________________ CM . . . . Volume XV Number 21. . . .June 12, 2009.


Skateboarding. (Crabtree Contact).

Andy Horsley.
St. Catharines, ON: Crabtree, 2009.
24 pp., pbk. & hc., $10.95 (pbk.), $20.76 (hc.).
ISBN 978-0-7787-3793-3 (pbk.), ISBN 978-0-7787-3771-1 (RLB).

Subject Heading:
Skateboarding-Juvenile literature.

Grades 3-9 / Ages 8-14.

Review by Philip Bravo.





Many cities have skateparks with half-pipes, bowls, and other obstacles. Skateboarders use the obstacles to perform flips, spins, and grabs high in the air. Skateparks are ideal places to meet with friends. You can show off your new tricks. You can also see local heroes killing it on the obstacles.

Dinosaur park – Old, concrete skateparks that were built in the 1970’s.
Mini-ramp – A small halfpipe about 5 feet (1.5 meter) high.

The vert ramp is a big halfpipe about 11.5 feet (3.5 meters) high. Helmets are pads are a must for this type of skateboarding. Vert ramps are where skateboarders learn to fly.

Every spring and summer, I spend at least part of the day asking teens to respect the “No Skateboarding” sign attached to the library’s entrance. Usually without incident, the children stop skateboarding in front of the library’s entrance, but before they leave with their shoulders slumped, I remind them that the library has some great resources about skateboarding. It is a hard sell, but a few avid skateboarders have begun to visit the library on a regular basis, board in hand. Andy Horsley’s book, originally published in 2001 by Raintree Steck-Vaughn, is a useful addition to any children’s collection, especially school and public libraries.

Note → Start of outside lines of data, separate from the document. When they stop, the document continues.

(* Let $\mathbf{M}=(\mathcal{S},s_I,\mathcal{A},P,\mathcal{Z},O,R)$ be a POMDP and let $\mathbf{M}_{fo}$ be its corresponding fully observable MDP. Then for every finite $N\in\mathbb{N}$, \[ \sup_{\pi \in \Pi(\mathbf{M})}H^{\pi}(S_1, S_2,\ldots, S_N)\;\leq\; \sup_{\pi \in \Pi(\mathbf{M}_{fo})}H^{\pi}(S_1, S_2,\ldots, S_N). \]
   Context: A POMDP is a tuple $\mathbf{M}=(\mathcal{S},s_I,\mathcal{A},P,\mathcal{Z},O,R)$ where $\mathcal{S}$ is a finite set of states, $s_I\in\mathcal{S}$ is the unique initial state, $\mathcal{A}$ is a finite set of actions (all available in every state), $P:\mathcal{S}\times\mathcal{A}\to\Delta(\mathcal{S})$ is a transition function (write $P_{s,a,s'}=P(s'|s,a)$), $\mathcal{Z}$ is a finite set of observations, $O:\mathcal{S}\to\Delta(\mathcal{Z})$ is an observation function (write $O_{s,z}=O(z|s)$), and $R:\mathcal{S}\times\mathcal{A}\to\mathbb{R}$ is a reward function. An observation history of length $t$ is a sequence $(z_1,a_1,z_2,a_2,\ldots,z_t)$ of observations and actions. A controller $\pi$ is a map from observation histories of all lengths to probability distributions over $\mathcal{A}$; $\Pi(\mathbf{M})$ denotes the set of all controllers. A controller $\pi$ induces a stochastic process as follows: $S_1=s_I$; at each time $t$ an observation $Z_t$ is drawn from $O(\cdot|S_t)$, an action $A_t$ is drawn from $\pi(\cdot\mid Z_1,A_1,\ldots,Z_t)$, and $S_{t+1}$ is drawn from $P(\cdot|S_t,A_t)$. $H^{\pi}(S_1,\ldots,S_N)$ denotes the joint Shannon entropy of $(S_1,\ldots,S_N)$ under this process (convention $0\log 0=0$). The corresponding fully observable MDP $\mathbf{M}_{fo}$ is obtained from $\mathbf{M}$ by setting $\mathcal{Z}=\mathcal{S}$ and $O_{s,s}=1$ for all $s\in\mathcal{S}$ (so its controllers may depend on the full state–action history). *)

theory Defs
  imports "HOL-Probability.Probability_Mass_Function"
begin

text \<open>A POMDP with finite state type 's, action type 'a, observation type 'z, given by
  initial state sI, transition kernel P s a (a pmf over successor states), observation
  function Obs s (a pmf over observations) and reward R (irrelevant for the entropy).
  An observation history (z_1,a_1,...,z_t) is represented by the list of past pairs
  [(z_1,a_1),...,(z_{t-1},a_{t-1})] together with the current observation z_t.\<close>

type_synonym ('z, 'a) controller = "('z \<times> 'a) list \<Rightarrow> 'z \<Rightarrow> 'a pmf"

text \<open>traj P Obs \<pi> n h s: distribution of the next n states (S_t,...,S_{t+n-1}),
  starting with S_t = s and past history h.\<close>
fun traj :: "('s \<Rightarrow> 'a \<Rightarrow> 's pmf) \<Rightarrow> ('s \<Rightarrow> 'z pmf) \<Rightarrow> ('z, 'a) controller
             \<Rightarrow> nat \<Rightarrow> ('z \<times> 'a) list \<Rightarrow> 's \<Rightarrow> 's list pmf" where
  "traj P Obs \<pi> 0 h s = return_pmf []"
| "traj P Obs \<pi> (Suc n) h s =
     bind_pmf (Obs s) (\<lambda>z. bind_pmf (\<pi> h z) (\<lambda>a. bind_pmf (P s a) (\<lambda>s'.
       map_pmf (\<lambda>rest. s # rest) (traj P Obs \<pi> n (h @ [(z, a)]) s'))))"

definition state_dist :: "'s \<Rightarrow> ('s \<Rightarrow> 'a \<Rightarrow> 's pmf) \<Rightarrow> ('s \<Rightarrow> 'z pmf)
             \<Rightarrow> ('z, 'a) controller \<Rightarrow> nat \<Rightarrow> 's list pmf" where
  "state_dist sI P Obs \<pi> N = traj P Obs \<pi> N [] sI"

text \<open>Shannon entropy (base 2) of a finitely supported pmf; 0 log 0 = 0 is automatic
  since only points of the support are summed.\<close>
definition shannon_entropy :: "'b pmf \<Rightarrow> real" where
  "shannon_entropy p = - (\<Sum>x\<in>set_pmf p. pmf p x * log 2 (pmf p x))"

definition state_entropy :: "'s \<Rightarrow> ('s \<Rightarrow> 'a \<Rightarrow> 's pmf) \<Rightarrow> ('s \<Rightarrow> 'z pmf)
             \<Rightarrow> ('z, 'a) controller \<Rightarrow> nat \<Rightarrow> real" where
  "state_entropy sI P Obs \<pi> N = shannon_entropy (state_dist sI P Obs \<pi> N)"

text \<open>Fully observable version: observation set = state set, Obs(s|s) = 1.\<close>
definition fo_obs :: "'s \<Rightarrow> 's pmf" where
  "fo_obs s = return_pmf s"

end

theory Submission
  imports Defs
begin

text \<open>A fully observable controller can simulate any POMDP controller \<pi>: given the state-action
  history so far, it keeps the posterior distribution of the POMDP observation history, draws a
  history from it, draws an observation of the current state, and plays the action \<pi> would play.
  By the disintegration of a joint distribution into the law of the action and the conditional
  law of the history given the action, the simulation induces exactly the same distribution of
  state sequences, hence the same entropy. Entropies of length-N state sequences are bounded,
  so the suprema exist and the inequality follows.\<close>

lemma bind_cond_pmf_snd: "bind_pmf (map_pmf snd J) (\<lambda>a. cond_pmf J {x. snd x = a}) = J"
proof (rule bind_cond_pmf_cancel)
  show "\<And>a. a \<in> set_pmf (map_pmf snd J) \<Longrightarrow> set_pmf J \<inter> {x. snd x = a} \<noteq> {}"
    by auto
  show "\<And>x. x \<in> set_pmf J \<Longrightarrow> set_pmf (map_pmf snd J) \<inter> {a. snd x = a} \<noteq> {}"
    by auto
  show "\<And>a x. a \<in> set_pmf (map_pmf snd J) \<Longrightarrow> x \<in> set_pmf J \<Longrightarrow> snd x = a \<Longrightarrow>
      measure_pmf.prob J {x. snd x = a} = measure_pmf.prob (map_pmf snd J) {b. snd x = b}"
    by (auto simp: measure_map_pmf vimage_def intro!: arg_cong[where f="measure_pmf.prob J"])
qed

lemma bind_pmf_disintegrate_snd:
  "bind_pmf (map_pmf snd J) (\<lambda>a. bind_pmf (map_pmf fst (cond_pmf J {x. snd x = a})) (\<lambda>h. K h a))
     = bind_pmf J (\<lambda>x. K (fst x) (snd x))"
proof -
  have "bind_pmf (map_pmf fst (cond_pmf J {x. snd x = a})) (\<lambda>h. K h a)
      = bind_pmf (cond_pmf J {x. snd x = a}) (\<lambda>x. K (fst x) (snd x))"
    if "a \<in> set_pmf (map_pmf snd J)" for a
  proof -
    from that have "set_pmf J \<inter> {x. snd x = a} \<noteq> {}"
      by auto
    then show ?thesis
      unfolding bind_map_pmf by (intro bind_pmf_cong) (auto simp: set_cond_pmf)
  qed
  then have "bind_pmf (map_pmf snd J) (\<lambda>a. bind_pmf (map_pmf fst (cond_pmf J {x. snd x = a})) (\<lambda>h. K h a))
      = bind_pmf (map_pmf snd J) (\<lambda>a. bind_pmf (cond_pmf J {x. snd x = a}) (\<lambda>x. K (fst x) (snd x)))"
    by (intro bind_pmf_cong) simp_all
  also have "\<dots> = bind_pmf J (\<lambda>x. K (fst x) (snd x))"
    by (simp add: bind_assoc_pmf[symmetric] bind_cond_pmf_snd)
  finally show ?thesis .
qed

definition joint_history_action :: "('s \<Rightarrow> 'z pmf) \<Rightarrow> ('z, 'a) controller
    \<Rightarrow> ('z \<times> 'a) list pmf \<Rightarrow> 's \<Rightarrow> (('z \<times> 'a) list \<times> 'a) pmf" where
  "joint_history_action Obs \<pi> \<mu> s = bind_pmf \<mu> (\<lambda>h. bind_pmf (Obs s) (\<lambda>z.
      map_pmf (\<lambda>a. (h @ [(z, a)], a)) (\<pi> h z)))"

text \<open>Conditioning on an action outside the support yields a junk value of cond_pmf; this never
  matters, since the simulation only reaches action sequences of positive probability.\<close>

definition posterior_update :: "('s \<Rightarrow> 'z pmf) \<Rightarrow> ('z, 'a) controller
    \<Rightarrow> ('z \<times> 'a) list pmf \<Rightarrow> 's \<times> 'a \<Rightarrow> ('z \<times> 'a) list pmf" where
  "posterior_update Obs \<pi> \<mu> sa =
     map_pmf fst (cond_pmf (joint_history_action Obs \<pi> \<mu> (fst sa)) {x. snd x = snd sa})"

definition history_posterior :: "('s \<Rightarrow> 'z pmf) \<Rightarrow> ('z, 'a) controller
    \<Rightarrow> ('s \<times> 'a) list \<Rightarrow> ('z \<times> 'a) list pmf" where
  "history_posterior Obs \<pi> g = foldl (posterior_update Obs \<pi>) (return_pmf []) g"

definition simulating_controller :: "('s \<Rightarrow> 'z pmf) \<Rightarrow> ('z, 'a) controller \<Rightarrow> ('s, 'a) controller" where
  "simulating_controller Obs \<pi> g s =
     map_pmf snd (joint_history_action Obs \<pi> (history_posterior Obs \<pi> g) s)"

lemma traj_simulating_controller:
  "traj P fo_obs (simulating_controller Obs \<pi>) n g s
     = bind_pmf (history_posterior Obs \<pi> g) (\<lambda>h. traj P Obs \<pi> n h s)"
proof (induction n arbitrary: g s)
  case 0
  then show ?case
    by (simp add: bind_return_pmf')
next
  case (Suc n)
  define J where "J = joint_history_action Obs \<pi> (history_posterior Obs \<pi> g) s"
  define K where "K = (\<lambda>h a. bind_pmf (P s a) (\<lambda>s'. map_pmf ((#) s) (traj P Obs \<pi> n h s')))"
  have posterior_snoc: "history_posterior Obs \<pi> (g @ [(s, a)])
      = map_pmf fst (cond_pmf J {x. snd x = a})" for a
    by (simp add: history_posterior_def posterior_update_def J_def)
  have "traj P fo_obs (simulating_controller Obs \<pi>) (Suc n) g s
      = bind_pmf (map_pmf snd J) (\<lambda>a. bind_pmf (map_pmf fst (cond_pmf J {x. snd x = a})) (\<lambda>h. K h a))"
    unfolding K_def
    by (simp add: fo_obs_def bind_return_pmf Suc posterior_snoc simulating_controller_def J_def
        map_bind_pmf bind_commute_pmf[of "P s _"])
  also have "\<dots> = bind_pmf J (\<lambda>x. K (fst x) (snd x))"
    by (rule bind_pmf_disintegrate_snd)
  also have "\<dots> = bind_pmf (history_posterior Obs \<pi> g) (\<lambda>h. traj P Obs \<pi> (Suc n) h s)"
    by (simp add: J_def joint_history_action_def K_def bind_assoc_pmf bind_map_pmf map_bind_pmf)
  finally show ?case .
qed

lemma state_dist_simulating_controller:
  "state_dist sI P fo_obs (simulating_controller Obs \<pi>) N = state_dist sI P Obs \<pi> N"
  by (simp add: state_dist_def traj_simulating_controller history_posterior_def bind_return_pmf)

lemma neg_mult_log_le:
  fixes p :: real
  assumes "0 \<le> p" "p \<le> 1"
  shows "- (p * log 2 p) \<le> 1 / ln 2"
proof (cases "p = 0")
  case False
  with assms have p: "0 < p"
    by simp
  have "ln (1 / p) \<le> 1 / p - 1"
    using p by (intro ln_le_minus_one) simp
  then have "- (p * ln p) \<le> 1 - p"
    using p by (simp add: ln_div field_simps)
  then show ?thesis
    using p by (simp add: log_def field_simps)
qed simp

lemma shannon_entropy_le_card:
  assumes "finite A" "set_pmf p \<subseteq> A"
  shows "shannon_entropy p \<le> card A / ln 2"
proof -
  have "shannon_entropy p = (\<Sum>x\<in>A. - (pmf p x * log 2 (pmf p x)))"
    unfolding shannon_entropy_def sum_negf[symmetric]
    by (rule sum.mono_neutral_left[OF assms]) (auto simp: set_pmf_iff)
  also have "\<dots> \<le> (\<Sum>x\<in>A. 1 / ln 2)"
    by (intro sum_mono neg_mult_log_le) (auto simp: pmf_le_1)
  finally show ?thesis
    by simp
qed

lemma set_pmf_traj_length: "set_pmf (traj P Obs \<pi> n h s) \<subseteq> {xs. length xs = n}"
  by (induction n arbitrary: h s) fastforce+

lemma bdd_above_state_entropy:
  "bdd_above (range (\<lambda>\<pi>. state_entropy (sI :: 's::finite) P Obs \<pi> N))"
proof (rule bdd_aboveI2)
  have "finite {xs :: 's list. length xs = N}"
    using finite_lists_length_eq[of "UNIV :: 's set" N] by simp
  then show "state_entropy sI P Obs \<pi> N \<le> card {xs :: 's list. length xs = N} / ln 2" for \<pi>
    unfolding state_entropy_def state_dist_def
    by (intro shannon_entropy_le_card set_pmf_traj_length)
qed

theorem theorem1:
  fixes sI :: "'s::finite"
    and P :: "'s \<Rightarrow> 'a::finite \<Rightarrow> 's pmf"
    and Obs :: "'s \<Rightarrow> 'z::finite pmf"
    and R :: "'s \<Rightarrow> 'a \<Rightarrow> real"
    and N :: nat
  shows "(SUP \<pi> :: ('z, 'a) controller. state_entropy sI P Obs \<pi> N)
           \<le> (SUP \<pi> :: ('s, 'a) controller. state_entropy sI P fo_obs \<pi> N)"
proof (rule cSUP_mono)
  fix \<pi> :: "('z, 'a) controller"
  have "state_entropy sI P Obs \<pi> N = state_entropy sI P fo_obs (simulating_controller Obs \<pi>) N"
    by (simp add: state_entropy_def state_dist_simulating_controller)
  then show "\<exists>\<sigma>\<in>UNIV. state_entropy sI P Obs \<pi> N \<le> state_entropy sI P fo_obs \<sigma> N"
    by auto
qed (simp_all add: bdd_above_state_entropy)

end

     The book describes the history, style, language and culture of skateboarding since its beginning in 1960’s. Divided into 15 chapters and a total of 32 pages (including the index), this book is written with the busy skater and reluctant reader in mind. The book is dominated by attractive and appealing chapter headings, titles, colorful graphics and images. Short sentences and paragraphs are scattered across the pages in boxes to allow the reader to sort through relevant information quickly and easily. Words in a bold typeface indicate that a definition is available in the glossary. The book offers useful advice about common skateboarding tricks, tips to excel in the sport and gain sponsorships. Those interested in more information about skateboarding may refer to the web sites addresses provided in the books last page.

     Although Skateboarding is written for reluctant readers, its high interest, low vocabulary content will appeal to any tween and/or older children looking for a quick introduction to the sport. I especially appreciate the inclusion of the graphic and text that warns the reader, as Andy Horsley put it: “In many places, it is illegal to skateboard. Look out for signs. Do not break the law.”

Highly Recommended.

Philip Bravo is a librarian at the Winnipeg Public Library in Winnipeg, MB.